WHAT IS EXPECTED:
Among the lines below, count those containing the word "False". Give the number only.

[Records excerpted from a collection]
lemma integral_weights_comp_eq_by_uniqueness:
  fixes Wp Wn :: "'a \<Rightarrow> real" and F :: "'a \<Rightarrow> 'b" and Test :: "('b \<Rightarrow> complex) set"
  assumes Wp: "integrable M Wp" "\<And>\<omega>. Wp \<omega> \<ge> 0" and Wn: "integrable M Wn" "\<And>\<omega>. Wn \<omega> \<ge> 0"
    and c: "expectation Wp = c" "expectation Wn = c" "c > 0"
    and F: "F \<in> measurable M L"
    and Test_meas: "\<And>f. f \<in> Test \<Longrightarrow> f \<in> borel_measurable L"
    and Test_eq: "\<And>f. f \<in> Test \<Longrightarrow>
      (CLINT \<omega>|M. complex_of_real (Wp \<omega>) * f (F \<omega>)) = (CLINT \<omega>|M. complex_of_real (Wn \<omega>) * f (F \<omega>))"
    and determining: "\<And>P Q. prob_space P \<Longrightarrow> prob_space Q \<Longrightarrow> sets P = sets L \<Longrightarrow> sets Q = sets L
        \<Longrightarrow> (\<And>f. f \<in> Test \<Longrightarrow> (CLINT x|P. f x) = (CLINT x|Q. f x)) \<Longrightarrow> P = Q"
    and h: "h \<in> borel_measurable L"
  shows "expectation (\<lambda>\<omega>. Wp \<omega> * h (F \<omega>)) = expectation (\<lambda>\<omega>. Wn \<omega> * h (F \<omega>))"
proof -
  define push where "push W = distr (density M (\<lambda>\<omega>. ennreal (W \<omega> / c))) L F" for W
  have push_integral: "(\<integral>x. f x \<partial>push W) = (\<integral>\<omega>. (W \<omega> / c) *\<^sub>R f (F \<omega>) \<partial>M)"
    if "integrable M W" "\<And>\<omega>. W \<omega> \<ge> 0" "f \<in> borel_measurable L"
    for W and f :: "'b \<Rightarrow> 'c::{banach, second_countable_topology}"
    unfolding push_def using that F c
    by (subst integral_distr) (auto intro!: integral_density)
  have "push Wp = push Wn"
  proof (rule determining)
    show "prob_space (push Wp)" "prob_space (push Wn)" unfolding push_def
      using Wp Wn c F by (auto intro!: prob_space.prob_space_distr prob_space_density_normalized)
    show "sets (push Wp) = sets L" "sets (push Wn) = sets L" by (simp_all add: push_def)
    fix f assume f: "f \<in> Test"
    have "(CLINT x|push W. f x) = (CLINT \<omega>|M. complex_of_real (W \<omega>) * f (F \<omega>)) / c"
      if "integrable M W" "\<And>\<omega>. W \<omega> \<ge> 0" for W
    proof -
      have "(CLINT x|push W. f x) = (CLINT \<omega>|M. complex_of_real (W \<omega>) * f (F \<omega>) / c)"
        unfolding push_integral[OF that Test_meas[OF f]]
        by (rule Bochner_Integration.integral_cong) (simp_all add: scaleR_conv_of_real)
      then show ?thesis by (simp only: integral_divide_zero)
    qed
    then show "(CLINT x|push Wp. f x) = (CLINT x|push Wn. f x)"
      using Wp Wn Test_eq[OF f] by simp
  qed
  then have "(\<integral>x. h x \<partial>push Wp) = (\<integral>x. h x \<partial>push Wn)" by simp
  then have "expectation (\<lambda>\<omega>. Wp \<omega> / c * h (F \<omega>)) = expectation (\<lambda>\<omega>. Wn \<omega> / c * h (F \<omega>))"
    using push_integral[OF Wp h] push_integral[OF Wn h] by simp
  then show ?thesis using c by (simp add: integral_divide_zero)
qed

lemma integral_weight_comp_eq_0_by_uniqueness:
  fixes V :: "'a \<Rightarrow> real" and F :: "'a \<Rightarrow> 'b" and Test :: "('b \<Rightarrow> complex) set"
  assumes V: "integrable M V" "expectation V = 0"
    and F: "F \<in> measurable M L"
    and Test_meas: "\<And>f. f \<in> Test \<Longrightarrow> f \<in> borel_measurable L"
    and Test_bounded: "\<And>f x. f \<in> Test \<Longrightarrow> norm (f x) \<le> 1"
    and Test_zero: "\<And>f. f \<in> Test \<Longrightarrow> (CLINT \<omega>|M. complex_of_real (V \<omega>) * f (F \<omega>)) = 0"
    and determining: "\<And>P Q. prob_space P \<Longrightarrow> prob_space Q \<Longrightarrow> sets P = sets L \<Longrightarrow> sets Q = sets L
        \<Longrightarrow> (\<And>f. f \<in> Test \<Longrightarrow> (CLINT x|P. f x) = (CLINT x|Q. f x)) \<Longrightarrow> P = Q"
    and h: "h \<in> borel_measurable L" "\<And>x. \<bar>h x\<bar> \<le> B"
  shows "expectation (\<lambda>\<omega>. V \<omega> * h (F \<omega>)) = 0"
proof -
  define Vp where "Vp \<omega> = max 0 (V \<omega>)" for \<omega>
  define Vn where "Vn \<omega> = max 0 (- V \<omega>)" for \<omega>
  have Vp: "integrable M Vp" "\<And>\<omega>. Vp \<omega> \<ge> 0" and Vn: "integrable M Vn" "\<And>\<omega>. Vn \<omega> \<ge> 0"
    using V unfolding Vp_def[abs_def] Vn_def[abs_def] by auto
  have V_split: "V = (\<lambda>\<omega>. Vp \<omega> - Vn \<omega>)" by (auto simp: fun_eq_iff Vp_def Vn_def)
  have c: "expectation Vn = expectation Vp"
    using V Vp Vn by (simp add: V_split)
  have int_h: "integrable M (\<lambda>\<omega>. W \<omega> * h (F \<omega>))" if "integrable M W" for W :: "'a \<Rightarrow> real"
    by (rule integrable_mult_bounded[OF that measurable_compose[OF F h(1)] h(2)])
  have "expectation (\<lambda>\<omega>. Vp \<omega> * h (F \<omega>)) = expectation (\<lambda>\<omega>. Vn \<omega> * h (F \<omega>))"
  proof (cases "expectation Vp = 0")
    case True
    with c have "expectation Vp = 0" "expectation Vn = 0" by simp_all
    then have "AE \<omega> in M. Vp \<omega> = 0" "AE \<omega> in M. Vn \<omega> = 0"
      using Vp Vn by (simp_all add: integral_nonneg_eq_0_iff_AE)
    then show ?thesis
      using borel_measurable_integrable[OF int_h[OF Vp(1)]] borel_measurable_integrable[OF int_h[OF Vn(1)]]
      by (intro integral_cong_AE) auto
  next
    case False
    have int_f: "integrable M (\<lambda>\<omega>. complex_of_real (W \<omega>) * f (F \<omega>))"
      if "integrable M W" "f \<in> Test" for W f
      by (rule Bochner_Integration.integrable_bound[of _ W])
         (use that Test_meas Test_bounded F in \<open>auto simp: norm_mult intro!: AE_I2 mult_left_le\<close>)
    show ?thesis
    proof (rule integral_weights_comp_eq_by_uniqueness[OF Vp Vn refl c _ F Test_meas _ determining h(1)])
      show "expectation Vp > 0" using False Vp by (simp add: order_less_le)
      show "(CLINT \<omega>|M. complex_of_real (Vp \<omega>) * f (F \<omega>)) = (CLINT \<omega>|M. complex_of_real (Vn \<omega>) * f (F \<omega>))"
        if "f \<in> Test" for f
      proof -
        have "(CLINT \<omega>|M. complex_of_real (V \<omega>) * f (F \<omega>))
            = (CLINT \<omega>|M. complex_of_real (Vp \<omega>) * f (F \<omega>) - complex_of_real (Vn \<omega>) * f (F \<omega>))"
          by (rule Bochner_Integration.integral_cong) (simp_all add: V_split left_diff_distrib)
        then show ?thesis
          using Test_zero[OF that] int_f[OF Vp(1) that] int_f[OF Vn(1) that] by simp
      qed
    qed
  qed
  then show ?thesis
    using int_h[OF Vp(1)] int_h[OF Vn(1)] by (simp add: V_split left_diff_distrib)
qed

ANSWER BELOW:
2